MATERIAL SHOWN ->

definition is_hist_from :: "('v \<times> 'v) set \<Rightarrow> 'v \<Rightarrow> 'v list \<Rightarrow> bool" where
  "is_hist_from E u h \<longleftrightarrow> h \<noteq> [] \<and> hd h = u \<and>
     (\<forall>i. Suc i < length h \<longrightarrow> (h ! i, h ! Suc i) \<in> E)"

definition is_strategy_from :: "('v \<times> 'v) set \<Rightarrow> 'v \<Rightarrow> 'v set \<Rightarrow> ('v list \<Rightarrow> 'v) \<Rightarrow> bool" where
  "is_strategy_from E u S f \<longleftrightarrow>
     (\<forall>h. is_hist_from E u h \<and> last h \<in> S \<longrightarrow> (last h, f h) \<in> E)"

text \<open>The history v_0 ... v_n of length n+1 generated by a profile from start u.\<close>
fun hist_from :: "('v \<Rightarrow> 'p) \<Rightarrow> 'v \<Rightarrow> ('p \<Rightarrow> 'v list \<Rightarrow> 'v) \<Rightarrow> nat \<Rightarrow> 'v list" where
  "hist_from owner u \<sigma> 0 = [u]"
| "hist_from owner u \<sigma> (Suc n) =
     (let h = hist_from owner u \<sigma> n in h @ [\<sigma> (owner (last h)) h])"

definition play_from :: "('v \<Rightarrow> 'p) \<Rightarrow> 'v \<Rightarrow> ('p \<Rightarrow> 'v list \<Rightarrow> 'v) \<Rightarrow> nat \<Rightarrow> 'v" where
  "play_from owner u \<sigma> n = last (hist_from owner u \<sigma> n)"

definition mean_payoff :: "('v \<times> 'v \<Rightarrow> rat) \<Rightarrow> (nat \<Rightarrow> 'v) \<Rightarrow> ereal" where
  "mean_payoff w x =
     liminf (\<lambda>n. ereal ((\<Sum>i<n. real_of_rat (w (x i, x (Suc i)))) / real n))"

text \<open>Value of an incentive along the play whose prefixes v_0...v_i are hs i.\<close>
definition incentive_value :: "('v list \<Rightarrow> real) \<Rightarrow> (nat \<Rightarrow> 'v list) \<Rightarrow> ereal" where
  "incentive_value g hs = liminf (\<lambda>n. ereal ((\<Sum>i\<in>{1..n}. g (hs i)) / real n))"

definition is_profile :: "'p set \<Rightarrow> 'v set \<Rightarrow> ('v \<Rightarrow> 'p) \<Rightarrow> 'v \<Rightarrow> ('v \<times> 'v) set
    \<Rightarrow> ('p \<Rightarrow> 'v list \<Rightarrow> 'v) \<Rightarrow> bool" where
  "is_profile P V owner v0 E \<sigma> \<longleftrightarrow>
     (\<forall>q\<in>P. is_strategy_from E v0 (owned V owner q) (\<sigma> q))"

definition raw_payoff where
  "raw_payoff owner v0 r p \<sigma> = mean_payoff (r p) (play_from owner v0 \<sigma>)"

definition inc_payoff where
  "inc_payoff owner v0 \<gamma> p \<sigma> = incentive_value (\<gamma> p) (hist_from owner v0 \<sigma>)"

definition is_ISP :: "'p set \<Rightarrow> 'p \<Rightarrow> 'v set \<Rightarrow> ('v \<Rightarrow> 'p) \<Rightarrow> 'v \<Rightarrow> ('v \<times> 'v) set
    \<Rightarrow> ('p \<Rightarrow> 'v \<times> 'v \<Rightarrow> rat) \<Rightarrow> ('p \<Rightarrow> 'v list \<Rightarrow> 'v) \<Rightarrow> ('p \<Rightarrow> 'v list \<Rightarrow> real) \<Rightarrow> bool" where
  "is_ISP P l V owner v0 E r \<sigma> \<gamma> \<longleftrightarrow>
     is_profile P V owner v0 E \<sigma> \<and>
     (\<forall>p\<in>P - {l}. \<forall>h. is_hist_from E v0 h \<longrightarrow> \<gamma> p h \<ge> 0) \<and>
     (\<forall>p\<in>P - {l}. \<forall>\<sigma>'. is_strategy_from E v0 (owned V owner p) \<sigma>' \<longrightarrow>
        raw_payoff owner v0 r p \<sigma> + inc_payoff owner v0 \<gamma> p \<sigma>
        \<ge> raw_payoff owner v0 r p (\<sigma>(p := \<sigma>')) + inc_payoff owner v0 \<gamma> p (\<sigma>(p := \<sigma>')))"

text \<open>Value of the zero-sum game G_p from v: what p can guarantee
  (sup over p's strategies of inf over coalition strategies); the game is determined.\<close>
definition val :: "'v set \<Rightarrow> ('v \<Rightarrow> 'p) \<Rightarrow> ('v \<times> 'v) set \<Rightarrow> ('p \<Rightarrow> 'v \<times> 'v \<Rightarrow> rat)
    \<Rightarrow> 'p \<Rightarrow> 'v \<Rightarrow> ereal" where
  "val V owner E r p v =
     (SUP \<tau>\<in>{\<tau>. is_strategy_from E v (owned V owner p) \<tau>}.
        INF \<rho>\<in>{\<rho>. is_strategy_from E v (V - owned V owner p) \<rho>}.
          mean_payoff (r p) (play_from owner v (\<lambda>q. if q = p then \<tau> else \<rho>)))"

end

theory Submission
  imports Defs "HOL-Analysis.Extended_Real_Limits"
begin

text \<open>Let the play of \<open>\<sigma>\<close> visit \<open>v\<close> after the history \<open>pre @ [v]\<close>, and let \<open>\<tau>\<close> be any
  strategy of \<open>p\<close> from \<open>v\<close>. Player \<open>p\<close> may deviate by following \<open>\<sigma>\<close> up to \<open>v\<close> and \<open>\<tau>\<close>
  afterwards. From \<open>v\<close> on, the other players keep playing \<open>\<sigma>\<close>, which is one particular
  coalition strategy in \<open>\<G>\<^sub>p\<close>; and a mean payoff ignores finite prefixes. Hence the raw payoff
  of the deviation is at least what \<open>\<tau>\<close> guarantees against every coalition, and since
  incentives are nonnegative, the ISP condition bounds it by \<open>r\<^sub>p(\<sigma>) + \<gamma>\<^sub>p(\<sigma>)\<close>.
  Taking the supremum over \<open>\<tau>\<close> gives \<open>val\<^sub>p(v)\<close>.\<close>

lemma average_shift_diff_tendsto_0:
  fixes a b :: "nat \<Rightarrow> real"
  assumes shift: "\<And>n. a (n + k) = b n" and bounded: "\<And>n. \<bar>b n\<bar> \<le> M"
  shows "(\<lambda>n. (\<Sum>i<n + k. a i) / real (n + k) - (\<Sum>i<n. b i) / real n) \<longlonglongrightarrow> 0"
proof -
  define S where "S = (\<Sum>i<k. a i)"
  have sum_a: "(\<Sum>i<n + k. a i) = S + (\<Sum>i<n. b i)" for n
    by (induction n) (simp_all add: S_def shift add.commute)
  have sum_b: "\<bar>\<Sum>i<n. b i\<bar> \<le> M * n" for n
    using order_trans[OF sum_abs sum_bounded_above[of "{..<n}" "\<lambda>i. \<bar>b i\<bar>" M]] bounded
    by (simp add: mult.commute)
  have "M \<ge> 0"
    using bounded[of 0] by linarith
  have bound: "\<bar>(\<Sum>i<n + k. a i) / real (n + k) - (\<Sum>i<n. b i) / real n\<bar>
      \<le> (\<bar>S\<bar> + real k * M) / real (n + k)" for n
  proof (cases "n = 0")
    case True
    then show ?thesis using \<open>M \<ge> 0\<close> by (simp add: S_def divide_right_mono abs_divide)
  next
    case False
    let ?T = "\<Sum>i<n. b i"
    have "(\<Sum>i<n + k. a i) / real (n + k) - ?T / real n
        = S / real (n + k) - k * (?T / real n) / real (n + k)"
      unfolding sum_a using False by (simp add: divide_simps) (simp add: algebra_simps)
    also have "\<bar>\<dots>\<bar> \<le> \<bar>S\<bar> / real (n + k) + k * \<bar>?T / real n\<bar> / real (n + k)"
      using abs_triangle_ineq4[of "S / real (n + k)" "real k * (?T / real n) / real (n + k)"]
      by (simp add: abs_divide abs_mult)
    also have "\<dots> \<le> (\<bar>S\<bar> + real k * M) / real (n + k)"
    proof -
      have "\<bar>?T / real n\<bar> \<le> M"
        using pos_divide_le_eq[THEN iffD2, OF _ sum_b[of n]] False by (simp add: abs_divide)
      then show ?thesis
        unfolding add_divide_distrib by (intro add_left_mono divide_right_mono mult_left_mono) auto
    qed
    finally show ?thesis .
  qed
  have "(\<lambda>n. (\<bar>S\<bar> + real k * M) / real (n + k)) \<longlonglongrightarrow> 0"
    by (rule LIMSEQ_ignore_initial_segment[OF lim_const_over_n])
  then show ?thesis
    by (rule tendsto_0_le[where K = 1]) (use bound \<open>M \<ge> 0\<close> in simp)
qed

lemma liminf_average_shift:
  fixes a b :: "nat \<Rightarrow> real"
  assumes shift: "\<And>n. a (n + k) = b n" and bounded: "\<And>n. \<bar>b n\<bar> \<le> M"
  shows "liminf (\<lambda>n. ereal ((\<Sum>i<n. b i) / real n)) = liminf (\<lambda>n. ereal ((\<Sum>i<n. a i) / real n))"
proof -
  define diff where "diff n = (\<Sum>i<n + k. a i) / real (n + k) - (\<Sum>i<n. b i) / real n" for n
  have "(\<lambda>n. ereal (diff n)) \<longlonglongrightarrow> 0"
    using average_shift_diff_tendsto_0[of a k b M, OF shift bounded]
    by (simp add: diff_def zero_ereal_def tendsto_ereal)
  then have "liminf (\<lambda>n. ereal (diff n) + ereal ((\<Sum>i<n. b i) / real n))
      = liminf (\<lambda>n. ereal ((\<Sum>i<n. b i) / real n))"
    using ereal_liminf_lim_add[of "\<lambda>n. ereal (diff n)" 0] by (simp del: plus_ereal.simps)
  also have "liminf (\<lambda>n. ereal (diff n) + ereal ((\<Sum>i<n. b i) / real n))
      = liminf (\<lambda>n. ereal ((\<Sum>i<n + k. a i) / real (n + k)))"
    by (simp add: diff_def)
  also have "\<dots> = liminf (\<lambda>n. ereal ((\<Sum>i<n. a i) / real n))"
    by (rule liminf_shift_k[where u = "\<lambda>n. ereal ((\<Sum>i<n. a i) / real n)"])
  finally show ?thesis by simp
qed

lemma length_hist_from [simp]: "length (hist_from owner u \<sigma> n) = Suc n"
  by (induction n) (simp_all add: Let_def)

lemma hist_from_not_Nil [simp]: "hist_from owner u \<sigma> n \<noteq> []"
  by (metis length_hist_from list.size(3) nat.distinct(1))

lemma hd_hist_from [simp]: "hd (hist_from owner u \<sigma> n) = u"
  by (induction n) (simp_all add: Let_def)

lemma is_hist_from_iff_successively:
  "is_hist_from E u h \<longleftrightarrow> h \<noteq> [] \<and> hd h = u \<and> successively (\<lambda>x y. (x, y) \<in> E) h"
  unfolding is_hist_from_def successively_conv_nth by auto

WORK TASK -> All lines from the one containing "using average_shift_diff_tendsto_0[of a" through the end of the listing above are to be restated word for word, and no others.

SOLUTION TO THE EXERCISE ->
    using average_shift_diff_tendsto_0[of a k b M, OF shift bounded]
    by (simp add: diff_def zero_ereal_def tendsto_ereal)
  then have "liminf (\<lambda>n. ereal (diff n) + ereal ((\<Sum>i<n. b i) / real n))
      = liminf (\<lambda>n. ereal ((\<Sum>i<n. b i) / real n))"
    using ereal_liminf_lim_add[of "\<lambda>n. ereal (diff n)" 0] by (simp del: plus_ereal.simps)
  also have "liminf (\<lambda>n. ereal (diff n) + ereal ((\<Sum>i<n. b i) / real n))
      = liminf (\<lambda>n. ereal ((\<Sum>i<n + k. a i) / real (n + k)))"
    by (simp add: diff_def)
  also have "\<dots> = liminf (\<lambda>n. ereal ((\<Sum>i<n. a i) / real n))"
    by (rule liminf_shift_k[where u = "\<lambda>n. ereal ((\<Sum>i<n. a i) / real n)"])
  finally show ?thesis by simp
qed

lemma length_hist_from [simp]: "length (hist_from owner u \<sigma> n) = Suc n"
  by (induction n) (simp_all add: Let_def)

lemma hist_from_not_Nil [simp]: "hist_from owner u \<sigma> n \<noteq> []"
  by (metis length_hist_from list.size(3) nat.distinct(1))

lemma hd_hist_from [simp]: "hd (hist_from owner u \<sigma> n) = u"
  by (induction n) (simp_all add: Let_def)

lemma is_hist_from_iff_successively:
  "is_hist_from E u h \<longleftrightarrow> h \<noteq> [] \<and> hd h = u \<and> successively (\<lambda>x y. (x, y) \<in> E) h"
  unfolding is_hist_from_def successively_conv_nth by auto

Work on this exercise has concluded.